* **Data for review**:
lemma j_chain:
  assumes "(a, c) \<in> \<alpha>" "even k" "k > 0"
    and "(a, b) \<in> \<beta>" "(b, c) \<in> comp_alt k \<gamma> \<beta>" "(c, d) \<in> \<beta>" "(d, a) \<in> comp_alt k \<gamma> \<beta>"
  shows "(j 1 a b c, c) \<in> comp_alt (k * n) (\<alpha> \<inter> \<gamma>) (\<alpha> \<inter> \<beta>)"
proof -
  have A: "a \<in> A" "b \<in> A" "c \<in> A" "d \<in> A"
    using assms(1,4,6) congruence_subset by blast+
  \<comment> \<open>from \<open>f i\<close> to \<open>f (Suc i)\<close> the chain passes through \<open>j\<^sub>i(a, c, c) = j\<^sub>i\<^sub>+\<^sub>1(a, c, c)\<close>
    for odd \<open>i\<close> and through \<open>j\<^sub>i(a, a, c) = j\<^sub>i\<^sub>+\<^sub>1(a, a, c)\<close> for even \<open>i\<close>\<close>
  define f where "f i = j i a (if odd i then b else d) c" for i
  have "(f 1, f (Suc n)) \<in> comp_alt (k * (Suc n - 1)) (\<alpha> \<inter> \<gamma>) (\<alpha> \<inter> \<beta>)"
  proof (rule comp_alt_chain[OF assms(2)])
    fix i assume "1 \<le> i" "i < Suc n"
    then have i: "i \<in> {1..n}" by simp
    show "(f i, f (Suc i)) \<in> comp_alt k (\<alpha> \<inter> \<gamma>) (\<alpha> \<inter> \<beta>)"
    proof (cases "odd i")
      case True
      then show ?thesis
        using j_block[OF assms(1) i assms(2,3,5,6)] j_xzz[OF i True] A by (simp add: f_def)
    next
      case False
      then show ?thesis
        using j_block[OF assms(1) i assms(2,3,7,4)] j_xxz[OF i] A by (simp add: f_def)
    qed
  qed simp
  moreover have "f (Suc n) = c" using j_last A by (simp add: f_def)
  ultimately show ?thesis by (simp add: f_def)
qed

lemma p_chain:
  assumes "even k" "m \<in> A"
    and "(a, b) \<in> \<beta>" "(m, b) \<in> comp_alt k \<beta> \<gamma>" "(m, d) \<in> comp_alt k \<beta> \<gamma>" "(d, c) \<in> \<beta>"
  shows "(a, j 1 a b c) \<in> comp_alt (Suc k) \<beta> \<gamma>"
proof -
  have A: "a \<in> A" "b \<in> A" "c \<in> A" "d \<in> A"
    using assms(3,6) congruence_subset by blast+
  have p_a: "(p a u v, p a u' v') \<in> \<theta>"
    if "\<theta> \<in> {\<alpha>, \<beta>, \<gamma>}" "(u, u') \<in> \<theta>" "(v, v') \<in> \<theta>" for \<theta> u u' v v'
    using p_compatible[OF that(1)] congruence_refl[OF that(1) \<open>a \<in> A\<close>] that(2,3)
    unfolding compatible3_def by blast
  have "(p a m m, p a b d) \<in> comp_alt k \<beta> \<gamma>"
    by (rule comp_alt_map2[OF _ _ assms(4,5)]) (use p_a in blast)+
  moreover have "p a m m = a" using p_xzz A assms(2) by simp
  moreover have "trans \<beta>" using congruence_trans by simp
  moreover have "(p a b d, p a a c) \<in> \<beta>"
    using p_a[of \<beta>] assms(3,6) congruence_sym[of \<beta>] by (blast dest: symD)
  moreover have "p a a c = j 1 a a c" using p_xxz A by simp
  moreover have "(j 1 a a c, j 1 a b c) \<in> \<beta>"
    using j_compatible_middle[of \<beta> 1] A assms(3) by simp
  ultimately have "(a, j 1 a b c) \<in> comp_alt k \<beta> \<gamma> O \<beta>"
    by (metis relcompI transD)
  then show ?thesis using assms(1) by (simp add: comp_alt_Suc_right)
qed

lemma doubling:
  assumes "r \<ge> 1"
    and hyp: "\<alpha> \<inter> comp_alt (2 * r + 1) \<beta> \<gamma> \<subseteq> (\<alpha> \<inter> (\<gamma> O \<beta>)) O comp_alt s (\<alpha> \<inter> \<gamma>) (\<alpha> \<inter> \<beta>)"
  shows "\<alpha> \<inter> comp_alt (4 * r + 1) \<beta> \<gamma> \<subseteq> (\<alpha> \<inter> (\<gamma> O \<beta>)) O comp_alt (s + 4 * r * n) (\<alpha> \<inter> \<gamma>) (\<alpha> \<inter> \<beta>)"
proof (rule subsetI, clarify)
  fix a c assume ac: "(a, c) \<in> \<alpha>" "(a, c) \<in> comp_alt (4 * r + 1) \<beta> \<gamma>"
  have sym: "sym \<beta>" "sym \<gamma>" using congruence_sym by auto
  obtain b m d where ab: "(a, b) \<in> \<beta>" and bc: "(b, c) \<in> comp_alt (4 * r) \<gamma> \<beta>"
    and mb: "(m, b) \<in> comp_alt (2 * r) \<beta> \<gamma>" and md: "(m, d) \<in> comp_alt (2 * r - 1) \<gamma> \<beta>"
    and dc: "(d, c) \<in> \<beta>" and da: "(d, a) \<in> comp_alt (4 * r) \<gamma> \<beta>"
    using comp_alt_split_points[OF sym assms(1) ac(2)] .
  have "2 * r - 1 = Suc (2 * r - 2)" using assms(1) by simp
  then obtain m' where "(m, m') \<in> \<gamma>" using md by (auto simp: comp_alt_Suc)
  then have "m \<in> A" using congruence_subset[of \<gamma>] by blast
  have "2 * r = Suc (2 * r - 1)" using assms(1) by simp
  then have md': "(m, d) \<in> comp_alt (2 * r) \<beta> \<gamma>"
    using md congruence_refl[of \<beta> m] \<open>m \<in> A\<close> by (metis comp_alt_Suc insertCI relcompI)
  define w where "w = j 1 a b c"
  have "(a, w) \<in> (\<alpha> \<inter> (\<gamma> O \<beta>)) O comp_alt s (\<alpha> \<inter> \<gamma>) (\<alpha> \<inter> \<beta>)"
  proof (rule hyp[THEN subsetD], rule IntI)
    have "b \<in> A" using ab congruence_subset by blast
    then show "(a, w) \<in> \<alpha>" using j_alpha_class[OF ac(1)] w_def by simp
    show "(a, w) \<in> comp_alt (2 * r + 1) \<beta> \<gamma>"
      using p_chain[of "2 * r" m a b d c] \<open>m \<in> A\<close> ab mb md' dc w_def by simp
  qed
  then obtain a' where a': "(a, a') \<in> \<alpha> \<inter> (\<gamma> O \<beta>)" "(a', w) \<in> comp_alt s (\<alpha> \<inter> \<gamma>) (\<alpha> \<inter> \<beta>)"
    by blast
  have "(c, d) \<in> \<beta>" using dc sym(1) by (blast dest: symD)
  then have "(w, c) \<in> comp_alt (4 * r * n) (\<alpha> \<inter> \<gamma>) (\<alpha> \<inter> \<beta>)"
    using j_chain[OF ac(1), of "4 * r" b d] assms(1) ab bc da w_def by simp
  moreover have "c \<in> A" using dc congruence_subset by blast
  moreover have "trans (\<alpha> \<inter> \<gamma>)" using congruence_trans by (simp add: trans_Int)
  ultimately have "(a', c) \<in> comp_alt (s + 4 * r * n) (\<alpha> \<inter> \<gamma>) (\<alpha> \<inter> \<beta>)"
    using comp_alt_concat[OF _ a'(2)] congruence_refl by simp
  with a'(1) show "(a, c) \<in> (\<alpha> \<inter> (\<gamma> O \<beta>)) O comp_alt (s + 4 * r * n) (\<alpha> \<inter> \<gamma>) (\<alpha> \<inter> \<beta>)"
    by blast
qed

end

section \<open>Soundness of equational derivations\<close>

lemma eval_subst: "eval ops \<rho> (subst \<sigma> t) = eval ops (\<lambda>v. eval ops \<rho> (\<sigma> v)) t"
  by (induction t) (auto cong: map_cong)

lemma eval_cong: "(\<forall>v\<in>vars t. \<rho> v = \<rho>' v) \<Longrightarrow> eval ops \<rho> t = eval ops \<rho>' t"
  by (induction t) (auto cong: map_cong)

lemma wf_trm_subst: "wf_trm ar t \<Longrightarrow> (\<And>v. wf_trm ar (\<sigma> v)) \<Longrightarrow> wf_trm ar (subst \<sigma> t)"
  by (induction t) auto

lemma eval_in_carrier:
  "algebra ar A ops \<Longrightarrow> wf_trm ar t \<Longrightarrow> \<forall>v\<in>vars t. \<rho> v \<in> A \<Longrightarrow> eval ops \<rho> t \<in> A"
proof (induction t)
  case (Fn f ts)
  then have "set (map (eval ops \<rho>) ts) \<subseteq> A" by auto
  with Fn.prems show ?case by (simp add: algebra_def)
qed simp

* **Work request**:
Copy out every line from the records that has the word "dest".

* **Completed task**:
    using p_a[of \<beta>] assms(3,6) congruence_sym[of \<beta>] by (blast dest: symD)
  have "(c, d) \<in> \<beta>" using dc sym(1) by (blast dest: symD)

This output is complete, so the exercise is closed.